Graham Scott Steele is an American attorney, policy advisor, and government official. In July 2021, Steele was nominated by President Joe Biden to serve as Assistant Secretary of the Treasury for Financial Institutions. He was confirmed by the Senate and served in the position until January 2024.

Steele previously served as director of the Corporations and Society Initiative at the Stanford Graduate School of Business (GSB). Prior to this, Steele served in a variety of political roles, including as Democratic chief counsel on the Senate Banking Committee and as an aide to Senator Sherrod Brown of Ohio.

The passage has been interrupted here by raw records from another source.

(* Let $m\ge1$, $\Sigma=\{1,\ldots,m\}$, and let $\mu:\Sigma^*\to\Sigma^*$ be a morphism with $\mu(1)=1x$ for some $x\in\Sigma^+$, $|\mu(a)|>1$ for all $a\in\Sigma$, and frequency matrix $M$ non-singular with $|M^{-1}|<1$. Let $N=\max_{a\in\Sigma}|\mu(a)|$, let $k$ be a positive integer, and let $t_1=[a_1,\ldots,a_{k+1},d_1,\ldots,d_{k-1}]$ be a $k$-template with $\Delta=\lfloor\max_i|d_i|\rfloor$ (Euclidean norm). Suppose that $\mathcal I$ is a factor of $\mu^\omega(1)$ which is an instance of $t_1$ and $|\mathcal I|>N+k-1+(k-1)[N-2+mk\Delta]$. Then for some parent $t_2$ of $t_1$, $\mu^\omega(1)$ contains a factor $\mathcal J$ which is an instance of $t_2$ and satisfies $|\mathcal J|<|\mathcal I|$.
   Context: $\mu^\omega(1)$ denotes the infinite fixed point of $\mu$ beginning with $1$ (the limit of $\mu^n(1)$). The Parikh map $\psi:\Sigma^*\to\mathbb{Z}^m$ is $\psi(w)=[|w|_1,\ldots,|w|_m]$ (row vector). The frequency matrix $M$ of $\mu$ has $M_{i,j}=|\mu(i)|_j$. For a real matrix $A$, $|A|=\sup_{v\neq0}|vA|/|v|$ with Euclidean norm on row vectors. A $k$-template is a $2k$-tuple $t=[a_1,\ldots,a_{k+1},d_1,\ldots,d_{k-1}]$ with each $a_i\in\{\epsilon,1,\ldots,m\}$ ($\epsilon$ the empty word) and each $d_i\in\mathbb{Z}^m$. A non-empty word $\mathcal I$ is an instance of $t$ if $\mathcal I=a_1X_1a_2X_2\cdots a_kX_ka_{k+1}$ for words $X_i$ with $\psi(X_{i+1})-\psi(X_i)=d_i$ for $i=1,\ldots,k-1$. Given $k$-templates $t_1=[a_1,\ldots,a_{k+1},d_1,\ldots,d_{k-1}]$ and $t_2=[A_1,\ldots,A_{k+1},D_1,\ldots,D_{k-1}]$, $t_2$ is a parent of $t_1$ if there are words $a_i',a_i''$ ($1\le i\le k+1$) with $\mu(A_i)=a_i'a_ia_i''$ for each $i$ and $\psi(a_{i+1}''a_{i+2}')-\psi(a_i''a_{i+1}')+D_iM=d_i$ for $1\le i\le k-1$. *)

theory Defs
  imports Complex_Main
begin

text \<open>Alphabet \<Sigma> = {1..m} (letters are naturals), words are nat lists,
  vectors in Z^m / R^m are functions on the index set {1..m},
  m x m matrices are functions nat \<Rightarrow> nat \<Rightarrow> _ on {1..m} x {1..m}.\<close>

definition morph :: "(nat \<Rightarrow> nat list) \<Rightarrow> nat list \<Rightarrow> nat list" where
  "morph \<mu> w = concat (map \<mu> w)"

definition fixpoint_word :: "(nat \<Rightarrow> nat list) \<Rightarrow> nat \<Rightarrow> nat" where
  "fixpoint_word \<mu> = (THE w. \<forall>n. \<forall>i < length ((morph \<mu> ^^ n) [1]). w i = ((morph \<mu> ^^ n) [1]) ! i)"

definition is_factor :: "nat list \<Rightarrow> (nat \<Rightarrow> nat) \<Rightarrow> bool" where
  "is_factor u w \<longleftrightarrow> (\<exists>i. u = map w [i..<i + length u])"

definition psi :: "nat list \<Rightarrow> nat \<Rightarrow> int" where
  "psi w j = int (count_list w j)"

definition freq_mat :: "(nat \<Rightarrow> nat list) \<Rightarrow> nat \<Rightarrow> nat \<Rightarrow> int" where
  "freq_mat \<mu> i j = int (count_list (\<mu> i) j)"

definition vec_mat :: "nat \<Rightarrow> (nat \<Rightarrow> 'a::comm_ring_1) \<Rightarrow> (nat \<Rightarrow> nat \<Rightarrow> 'a) \<Rightarrow> nat \<Rightarrow> 'a" where
  "vec_mat m v A j = (\<Sum>i=1..m. v i * A i j)"

definition mat_mult :: "nat \<Rightarrow> (nat \<Rightarrow> nat \<Rightarrow> 'a::comm_ring_1) \<Rightarrow> (nat \<Rightarrow> nat \<Rightarrow> 'a) \<Rightarrow> nat \<Rightarrow> nat \<Rightarrow> 'a" where
  "mat_mult m A B i j = (\<Sum>l=1..m. A i l * B l j)"

definition is_inverse :: "nat \<Rightarrow> (nat \<Rightarrow> nat \<Rightarrow> real) \<Rightarrow> (nat \<Rightarrow> nat \<Rightarrow> real) \<Rightarrow> bool" where
  "is_inverse m A B \<longleftrightarrow>
     (\<forall>i\<in>{1..m}. \<forall>j\<in>{1..m}. mat_mult m A B i j = (if i = j then 1 else 0)
                          \<and> mat_mult m B A i j = (if i = j then 1 else 0))"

== Early life and education ==
Originally from Brookline, Massachusetts, Steele attended the University of Rochester for his undergraduate education, where he received a degree in political science in 2002. Steele studied law at George Washington University Law School in Washington, D.C., and joined the Massachusetts State Bar after graduation. His childhood nicknames were "Granimal" and "The Colonel."

== Career ==
Steele began his career as a policy counsel at Public Citizen, a consumer advocacy organization. Prior to joining the GSB, served on the staff of the Federal Reserve Bank of San Francisco and as legislative assistant to Senator Sherrod Brown, who currently chairs the Senate Banking Committee. Steele was a senior fellow at the American Economic Liberties Project (AELP), an anti-monopoly organization.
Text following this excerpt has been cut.